The differing clinical trajectories between those with proximal and distal fractures is a key finding, according to Dr. Center. The cause still isn’t clear, but she suspects that, in those patients who do badly, the fractures are either a signal that something is happening with existing comorbidities of the underlying frailty or that it may exacerbate them. Comorbidity independently and additively contributes to mortality, so that someone with a hip fracture and no comorbidities might have a similar mortality risk as someone with an upper-arm fracture and a couple of comorbidities. “I think it tells us that the person has to be treated as a whole. We need to treat the fracture to treat the underlying osteoporosis, but we also need to look closely at the person with the fracture and treat their comorbidities as well, because they seem to be more vulnerable,” Dr. Center said.

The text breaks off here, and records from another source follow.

lemma two_eq_zero_iff_CHAR: "(2::'k::field) = 0 \<longleftrightarrow> CHAR('k) = 2"
proof
  assume "(2::'k) = 0"
  then have "CHAR('k) dvd 2"
    using of_nat_eq_0_iff_char_dvd[of 2, where 'a='k] by simp
  moreover have "CHAR('k) \<noteq> 1" by simp
  ultimately show "CHAR('k) = 2"
    using dvd_imp_le[of "CHAR('k)" 2] by (cases "CHAR('k)") auto
qed (metis of_nat_CHAR of_nat_numeral)

section \<open>Alternating weights on cycles and paths\<close>

definition simple_cycle :: "'a list \<Rightarrow> bool" where
  "simple_cycle vs \<longleftrightarrow> distinct vs \<and> vs \<noteq> [] \<and> length vs \<noteq> 2"

definition cycle_edge :: "'a list \<Rightarrow> nat \<Rightarrow> 'a multiset" where
  "cycle_edge vs i = {#vs ! i, vs ! ((i + 1) mod length vs)#}"

lemma cycle_edges_conv: "cycle_edges vs = cycle_edge vs ` {..<length vs}"
  unfolding cycle_edges_def cycle_edge_def by auto

lemma finite_cycle_edges [simp]: "finite (cycle_edges vs)"
  unfolding cycle_edges_conv by simp

lemma cycle_edge_in_cycle_edges: "i < length vs \<Longrightarrow> cycle_edge vs i \<in> cycle_edges vs"
  unfolding cycle_edges_conv by simp

lemma simple_cycle_length: "simple_cycle vs \<Longrightarrow> length vs = 1 \<or> 3 \<le> length vs"
  unfolding simple_cycle_def by (cases "length vs") auto

lemma is_cycle_iff: "is_cycle C m \<longleftrightarrow> (\<exists>vs. simple_cycle vs \<and> length vs = m \<and> C = cycle_edges vs)"
proof
  assume "is_cycle C m"
  then show "\<exists>vs. simple_cycle vs \<and> length vs = m \<and> C = cycle_edges vs"
    unfolding is_cycle_def simple_cycle_def by auto
next
  assume "\<exists>vs. simple_cycle vs \<and> length vs = m \<and> C = cycle_edges vs"
  then obtain vs where "simple_cycle vs" "length vs = m" "C = cycle_edges vs" by blast
  then show "is_cycle C m"
    unfolding is_cycle_def using simple_cycle_length[of vs] by (auto simp: simple_cycle_def)
qed

lemma simple_cycle_singleton [simp]: "simple_cycle [a]"
  unfolding simple_cycle_def by simp

lemma cycle_edges_singleton [simp]: "cycle_edges [a] = {{#a, a#}}"
  unfolding cycle_edges_def by auto

lemma cycle_edges_nonempty: "simple_cycle vs \<Longrightarrow> cycle_edges vs \<noteq> {}"
  unfolding simple_cycle_def cycle_edges_conv by force

lemma inj_on_cycle_edge:
  assumes "simple_cycle vs"
  shows "inj_on (cycle_edge vs) {..<length vs}"
proof
  fix i j assume i: "i \<in> {..<length vs}" and j: "j \<in> {..<length vs}"
    and eq: "cycle_edge vs i = cycle_edge vs j"
  let ?m = "length vs"
  have d: "distinct vs" using assms unfolding simple_cycle_def by blast
  have "0 < ?m" using i by auto
  then have succ: "(i + 1) mod ?m < ?m" "(j + 1) mod ?m < ?m" by simp_all
  show "i = j"
  proof (rule ccontr)
    assume "i \<noteq> j"
    then have "vs ! i \<noteq> vs ! j" using d i j by (simp add: nth_eq_iff_index_eq)
    with eq have "vs ! i = vs ! ((j + 1) mod ?m)" "vs ! ((i + 1) mod ?m) = vs ! j"
      by (auto simp: cycle_edge_def add_mset_pair_eq_iff)
    then have "(j + 1) mod ?m = i" "(i + 1) mod ?m = j"
      using d i j succ by (simp_all add: nth_eq_iff_index_eq)
    moreover have "3 \<le> ?m" using simple_cycle_length[OF assms] i j \<open>i \<noteq> j\<close> by auto
    ultimately show False using i j by (cases "i + 1 = ?m"; cases "j + 1 = ?m") auto
  qed
qed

Although patients and clinicians are attuned to the concerns over hip fractures, other fractures should also be noted, according to Nelson Watts, MD, who is director of osteoporosis and bone-health services at Mercy Health in Cincinnati and was not involved in the research. “I think the message for clinicians and patients is that all of these [proximal] fractures need to be taken seriously. The good news is that that we have medications that can cut the risk of further fractures by 50%-70%,” he said in an interview.
Dr. Center has been on an advisory board for Amgen. Dr. Watts has been a speaker for Amgen and Radius and has conducted numerous clinical trials of osteoporosis drugs.
In addition to a series of news conferences, the Endocrine Society is also planning to host ENDO Online 2020 during June 8-22, which will feature on-demand and live programming for clinicians and researchers.
SOURCE: Center J et al. ENDO 2020, Abstract OR13-03.
Correction, 4/21/20: An earlier version of this article misstated when the interview with Dr. Center took place.